[Extracted records]
──────────────────────────────

lemma parity_weq_right: "weq S E t t' \<Longrightarrow> reflection_parity S E w t = reflection_parity S E w t'"
proof (induction w arbitrary: t t')
  case (Cons s w)
  have "weq S E (s # t @ [s]) (s # t' @ [s])"
    using weq_in_context[OF Cons.prems, of "[s]" "[s]"] by simp
  with Cons show ?case
    using weq_sym weq_trans by (metis reflection_parity.simps(2))
qed simp

lemma parity_append:
  "reflection_parity S E (u @ v) t =
     (reflection_parity S E u t \<noteq> reflection_parity S E v (rev u @ t @ u))"
  by (induction u arbitrary: t) auto

lemma parity_replace_factor:
  assumes "weq S E m m'" and "\<And>x. reflection_parity S E m x = reflection_parity S E m' x"
  shows "reflection_parity S E (a @ m @ b) t = reflection_parity S E (a @ m' @ b) t"
proof -
  let ?x = "rev a @ t @ a"
  have "weq S E (rev m @ ?x @ m) (rev m' @ ?x @ m')"
    using weq_append[OF weq_rev[OF assms(1)] weq_append[OF weq_refl assms(1)]] .
  then have "reflection_parity S E b (rev m @ ?x @ m) = reflection_parity S E b (rev m' @ ?x @ m')"
    by (rule parity_weq_right)
  then show ?thesis
    using assms(2) by (simp add: parity_append)
qed

lemma weq_singleton_conjugate_iff:
  assumes "s \<in> S" and "weq S E [s, r, s] [r]"
  shows "weq S E [r] (s # x @ [s]) \<longleftrightarrow> weq S E [r] x"
proof -
  have "weq S E [r] (s # x @ [s]) \<longleftrightarrow> weq S E [s, r, s] x"
    using weq_conjugate_iff[OF assms(1), of E "[r]" x] by simp
  also have "\<dots> \<longleftrightarrow> weq S E [r] x"
    using assms(2) weq_sym weq_trans by blast
  finally show ?thesis .
qed

lemma parity_square: "s \<in> S \<Longrightarrow> \<not> reflection_parity S E [s, s] x"
  using weq_singleton_conjugate_iff[of s S E s x] weq_cancel[of s S E "[]" "[s]"] by simp

lemma parity_commute:
  assumes "s \<in> S" "r \<in> S" "E s r"
  shows "reflection_parity S E [s, r] x = reflection_parity S E [r, s] x"
proof -
  have "weq S E [s, r, s] [r]"
    using weq_commute[of s S r E "[]" "[s]"] assms weq_cancel[OF assms(1), of E "[r]" "[]"]
      weq_trans
    by fastforce
  moreover have "weq S E [r, s, r] [s]"
    using weq_commute[of s S r E "[r]" "[]"] assms weq_cancel[OF assms(2), of E "[]" "[s]"]
      weq_sym weq_trans
    by fastforce
  ultimately show ?thesis
    using weq_singleton_conjugate_iff[OF assms(1)] weq_singleton_conjugate_iff[OF assms(2)] by auto
qed
lemma condC3_if_sandwiched:
  assumes "condC3 \<Omega> \<phi>" and "0 < a" and "a \<le> b"
    and sandwich: "ae_pairs \<Omega> (\<lambda>x y. \<forall>t>0. a * \<phi> t x y \<le> F t x y \<and> F t x y \<le> b * \<phi> t x y)"
  shows "condC3 \<Omega> F"
proof -
  from assms(1) obtain pm pp \<beta> where exponents: "1 < pm" "pm \<le> pp" and "1 \<le> \<beta>"
    and ratio: "ae_pairs \<Omega> (\<lambda>x y. \<forall>s t. 0 < s \<and> s \<le> t \<longrightarrow>
        \<phi> s x y / s powr pm \<le> \<beta> * (\<phi> t x y / t powr pm) \<and>
        \<beta> * (\<phi> s x y / s powr pp) \<ge> \<phi> t x y / t powr pp)"
    unfolding condC3_def by blast
  have "0 \<le> b"
    using \<open>0 < a\<close> \<open>a \<le> b\<close> by simp
  then have "a \<le> \<beta> * b"
    using mult_right_mono[OF \<open>1 \<le> \<beta>\<close>] \<open>a \<le> b\<close> by fastforce
  then have "1 \<le> \<beta> * b / a"
    using \<open>0 < a\<close> by simp
  moreover have "ae_pairs \<Omega> (\<lambda>x y. \<forall>s t. 0 < s \<and> s \<le> t \<longrightarrow>
      F s x y / s powr pm \<le> \<beta> * b / a * (F t x y / t powr pm) \<and>
      \<beta> * b / a * (F s x y / s powr pp) \<ge> F t x y / t powr pp)"
    using ratio sandwich
  proof eventually_elim
    case (elim p)
    show ?case
      using elim ratio_bounds_if_sandwiched[of "\<lambda>s. \<phi> s (fst p) (snd p)" pm \<beta> pp a
          "\<lambda>s. F s (fst p) (snd p)" b]
        \<open>0 < a\<close> \<open>a \<le> b\<close> \<open>1 \<le> \<beta>\<close> by simp
  qed
  ultimately show ?thesis
    using exponents unfolding condC3_def by blast
qed

lemma condC4_if_sandwiched:
  assumes "condC4 \<Omega> \<phi>" and "0 < a" and "a \<le> 1" and "1 \<le> b"
    and sandwich: "ae_pairs \<Omega> (\<lambda>x y. F 0 x y = 0 \<and>
          (\<forall>t>0. a * \<phi> t x y \<le> F t x y \<and> F t x y \<le> b * \<phi> t x y))"
  shows "condC4 \<Omega> F"
proof -
  from assms(1) obtain c1 where "0 < c1"
    and bounds: "ae_pairs \<Omega> (\<lambda>x y. inverse c1 \<le> \<phi> 1 x y \<and> \<phi> 1 x y \<le> c1 \<and> \<phi> 0 x y = 0 \<and>
        (\<forall>t>0. \<phi> t x y > 0))"
    unfolding condC4_def by blast
  have lower: "inverse (c1 * b / a) \<le> a * inverse c1"
    using \<open>0 < c1\<close> assms(2,4) by (simp add: field_simps)
  have upper: "b * c1 \<le> c1 * b / a"
    using \<open>0 < c1\<close> assms(2-4) by (simp add: field_simps mult_left_le)
  have "0 < c1 * b / a"
    using \<open>0 < c1\<close> assms(2,4) by simp
  moreover have "ae_pairs \<Omega> (\<lambda>x y. inverse (c1 * b / a) \<le> F 1 x y \<and> F 1 x y \<le> c1 * b / a \<and>
      F 0 x y = 0 \<and> (\<forall>t>0. F t x y > 0))"
    using bounds sandwich
  proof eventually_elim
    case (elim p)
    show ?case
      using elim lower upper assms(2-4) by (smt (verit) mult_left_mono mult_pos_pos)
  qed
  ultimately show ?thesis
    unfolding condC4_def by blast
qed
lemma nn_integral_mark_pmf:
  "(\<integral>\<^sup>+m. f m \<partial>measure_pmf mark_pmf) = (\<Sum>m\<in>marks. ennreal (mark_weight m) * f m)"
  using set_pmf_mark_pmf
  by (subst nn_integral_measure_pmf_support[of marks]) (auto simp: pmf_mark_pmf mult.commute)

definition hold_dens :: "real \<Rightarrow> real" where
  "hold_dens = exponential_density urate"

lemma hold_dens_nonneg: "0 \<le> hold_dens e"
  unfolding hold_dens_def using urate_pos by (simp add: exponential_density_nonneg)

lemma hold_dens_measurable [measurable]: "hold_dens \<in> borel_measurable borel"
  unfolding hold_dens_def by simp

lemma nn_integral_hold_dens: "(\<integral>\<^sup>+e. ennreal (hold_dens e) \<partial>lborel) = 1"
  unfolding hold_dens_def using urate_pos by (rule nn_integral_exponential_density)

definition hold_dist :: "real measure" where
  "hold_dist = density lborel (\<lambda>e. ennreal (hold_dens e))"

lemma sets_hold_dist [measurable_cong]: "sets hold_dist = sets borel"
  by (simp add: hold_dist_def)

definition step_dist :: "(real \<times> (nat \<times> nat)) measure" where
  "step_dist = hold_dist \<Otimes>\<^sub>M measure_pmf mark_pmf"

lemma prob_space_step_dist: "prob_space step_dist"
  unfolding step_dist_def hold_dist_def hold_dens_def
  using urate_pos by (intro prob_space_pair prob_space_exponential_density prob_space_measure_pmf)

lemma space_step_dist [simp]: "space step_dist = UNIV"
  by (simp add: step_dist_def space_pair_measure hold_dist_def)

lemma fst_measurable_step_dist [measurable]: "fst \<in> measurable step_dist borel"
  unfolding step_dist_def using measurable_fst[of hold_dist "measure_pmf mark_pmf"]
  by (simp add: measurable_cong_sets[OF refl sets_hold_dist])

lemma snd_measurable_step_dist [measurable]: "snd \<in> measurable step_dist (count_space UNIV)"
  unfolding step_dist_def using measurable_snd[of hold_dist "measure_pmf mark_pmf"] by simp

lemma borel_measurable_step_dist:
  assumes "\<And>m. (\<lambda>e. g (e, m)) \<in> borel_measurable borel"
  shows "g \<in> borel_measurable step_dist"
proof -
  have "(\<lambda>x. (\<lambda>m x. g (fst x, m)) (snd x) x) \<in> borel_measurable step_dist"
    by (rule measurable_compose_countable'[where I=UNIV]) (use assms in auto)
  then show ?thesis by simp
qed

lemma nn_integral_step_dist:
  assumes "\<And>m. (\<lambda>e. g (e, m)) \<in> borel_measurable borel"
  shows "(\<integral>\<^sup>+x. g x \<partial>step_dist)
       = (\<integral>\<^sup>+e. ennreal (hold_dens e) * (\<Sum>m\<in>marks. ennreal (mark_weight m) * g (e, m)) \<partial>lborel)"
proof -
  have "g \<in> borel_measurable (hold_dist \<Otimes>\<^sub>M measure_pmf mark_pmf)"
    using borel_measurable_step_dist[OF assms] by (simp add: step_dist_def)
  then have "(\<integral>\<^sup>+x. g x \<partial>step_dist) = (\<integral>\<^sup>+e. \<integral>\<^sup>+m. g (e, m) \<partial>measure_pmf mark_pmf \<partial>hold_dist)"
    unfolding step_dist_def by (rule measure_pmf.nn_integral_fst[symmetric])
  also have "\<dots> = (\<integral>\<^sup>+e. (\<Sum>m\<in>marks. ennreal (mark_weight m) * g (e, m)) \<partial>hold_dist)"
    by (simp add: nn_integral_mark_pmf)
  also have "\<dots> = (\<integral>\<^sup>+e. ennreal (hold_dens e) * (\<Sum>m\<in>marks. ennreal (mark_weight m) * g (e, m)) \<partial>lborel)"
    unfolding hold_dist_def using assms by (subst nn_integral_density) auto
  finally show ?thesis .
qed

definition steps :: "(real \<times> (nat \<times> nat)) stream measure" where
  "steps = stream_space step_dist"

lemma prob_space_steps: "prob_space steps"
  unfolding steps_def using prob_space.prob_space_stream_space[OF prob_space_step_dist] .

text \<open>Negative holding times have probability zero; clamping them at \<open>0\<close> makes the arrival
times nondecreasing on every stream, not only almost surely.\<close>

definition hold :: "real \<Rightarrow> real" where
  "hold e = max 0 e"

definition step_hold :: "real \<times> (nat \<times> nat) \<Rightarrow> real" where
  "step_hold x = hold (fst x)"

lemma step_hold_nonneg: "0 \<le> step_hold x"
  by (simp add: step_hold_def hold_def)

lemma hold_measurable [measurable]: "hold \<in> borel_measurable borel"
  unfolding hold_def by simp

lemma step_hold_measurable [measurable]: "step_hold \<in> borel_measurable step_dist"
  unfolding step_hold_def by simp

definition arrival :: "nat \<Rightarrow> (real \<times> (nat \<times> nat)) stream \<Rightarrow> real" where
  "arrival k \<omega> = (\<Sum>i<k. step_hold (\<omega> !! i))"

lemma arrival_measurable [measurable]: "arrival k \<in> borel_measurable steps"
  unfolding arrival_def steps_def by measurable

lemma arrival_0 [simp]: "arrival 0 \<omega> = 0"
  by (simp add: arrival_def)

lemma arrival_Suc_Stream: "arrival (Suc k) (x ## \<omega>) = step_hold x + arrival k \<omega>"
  unfolding arrival_def by (subst sum.lessThan_Suc_shift) simp

lemma arrival_mono: "k \<le> k' \<Longrightarrow> arrival k \<omega> \<le> arrival k' \<omega>"
  unfolding arrival_def by (rule sum_mono2) (auto simp: step_hold_nonneg)

definition unbounded_arrivals :: "(real \<times> (nat \<times> nat)) stream \<Rightarrow> bool" where
  "unbounded_arrivals \<omega> \<longleftrightarrow> (\<forall>N::nat. \<exists>k. real N < arrival k \<omega>)"

lemma unbounded_arrivals_measurable [measurable]: "Measurable.pred steps unbounded_arrivals"
  unfolding unbounded_arrivals_def by measurable

lemma unbounded_arrivals_iff: "unbounded_arrivals \<omega> \<longleftrightarrow> (\<forall>r. \<exists>k. r < arrival k \<omega>)"
proof
  assume unb: "unbounded_arrivals \<omega>"
  show "\<forall>r. \<exists>k. r < arrival k \<omega>"
  proof
    fix r :: real
    obtain N :: nat where "r < real N"
      using reals_Archimedean2 by blast
    moreover obtain k where "real N < arrival k \<omega>"
      using unb unfolding unbounded_arrivals_def by blast
    ultimately show "\<exists>k. r < arrival k \<omega>" by (intro exI[of _ k]) simp
  qed
qed (auto simp: unbounded_arrivals_def)

lemma unbounded_arrivals_Stream: "unbounded_arrivals (x ## \<omega>) \<longleftrightarrow> unbounded_arrivals \<omega>"
proof
  assume unb: "unbounded_arrivals (x ## \<omega>)"
  show "unbounded_arrivals \<omega>" unfolding unbounded_arrivals_iff
  proof
    fix r
    obtain k where k: "\<bar>r\<bar> + step_hold x < arrival k (x ## \<omega>)"
      using unb unfolding unbounded_arrivals_iff by blast
    then obtain k' where "k = Suc k'"
      using step_hold_nonneg[of x] by (cases k) auto
    with k have "r < arrival k' \<omega>"
      by (simp add: arrival_Suc_Stream)
    then show "\<exists>k. r < arrival k \<omega>" ..
  qed
next
  assume unb: "unbounded_arrivals \<omega>"
  show "unbounded_arrivals (x ## \<omega>)" unfolding unbounded_arrivals_iff
  proof
    fix r
    obtain k where "r < arrival k \<omega>"
      using unb unfolding unbounded_arrivals_iff by blast
    then have "r < arrival (Suc k) (x ## \<omega>)"
      using step_hold_nonneg[of x] by (simp add: arrival_Suc_Stream)
    then show "\<exists>k. r < arrival k (x ## \<omega>)" ..
  qed
qed

definition hold_laplace :: real where
  "hold_laplace = urate / (urate + 1)"

lemma hold_laplace_bounds: "0 \<le> hold_laplace" "hold_laplace < 1"
  using urate_pos by (auto simp: hold_laplace_def)

lemma hold_dens_exp_neg_hold:
  "hold_dens e * exp (- hold e) = hold_laplace * exponential_density (urate + 1) e"
proof (cases "e < 0")
  case True
  then show ?thesis by (simp add: hold_dens_def exponential_density_def hold_def)
next
  case False
  have "exp (- e * urate) * exp (- e) = exp (- e * (urate + 1))"
    by (simp add: exp_add[symmetric] algebra_simps)
  moreover have "urate = (urate + 1) * hold_laplace"
    using urate_pos by (simp add: hold_laplace_def)
  ultimately show ?thesis
    using False unfolding hold_dens_def exponential_density_def hold_def
    by (simp add: mult.assoc mult.left_commute[of hold_laplace])
qed

lemma nn_integral_exp_neg_step_hold:
  "(\<integral>\<^sup>+x. ennreal (exp (- step_hold x)) \<partial>step_dist) = ennreal hold_laplace"
proof -
  have "(\<integral>\<^sup>+x. ennreal (exp (- step_hold x)) \<partial>step_dist)
      = (\<integral>\<^sup>+e. ennreal (hold_dens e) * ennreal (exp (- hold e)) \<partial>lborel)"
    using nn_integral_step_dist[of "\<lambda>x. ennreal (exp (- step_hold x))"] mark_weight_nonneg
    by (simp add: step_hold_def sum_distrib_right[symmetric] ennreal_mult'[symmetric] sum_mark_weight)
  also have "\<dots> = (\<integral>\<^sup>+e. ennreal hold_laplace * ennreal (exponential_density (urate + 1) e) \<partial>lborel)"
    using hold_dens_nonneg hold_laplace_bounds(1)
    by (simp add: ennreal_mult'[symmetric] hold_dens_exp_neg_hold)
  also have "\<dots> = ennreal hold_laplace"
    using urate_pos by (simp add: nn_integral_cmult nn_integral_exponential_density)
  finally show ?thesis .
qed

──────────────────────────────

EXERCISE AIM: Locate and copy each line in the data above that includes the word "lborel".

EXERCISE RESULT:
lemma nn_integral_hold_dens: "(\<integral>\<^sup>+e. ennreal (hold_dens e) \<partial>lborel) = 1"
  "hold_dist = density lborel (\<lambda>e. ennreal (hold_dens e))"
       = (\<integral>\<^sup>+e. ennreal (hold_dens e) * (\<Sum>m\<in>marks. ennreal (mark_weight m) * g (e, m)) \<partial>lborel)"
  also have "\<dots> = (\<integral>\<^sup>+e. ennreal (hold_dens e) * (\<Sum>m\<in>marks. ennreal (mark_weight m) * g (e, m)) \<partial>lborel)"
      = (\<integral>\<^sup>+e. ennreal (hold_dens e) * ennreal (exp (- hold e)) \<partial>lborel)"
  also have "\<dots> = (\<integral>\<^sup>+e. ennreal hold_laplace * ennreal (exponential_density (urate + 1) e) \<partial>lborel)"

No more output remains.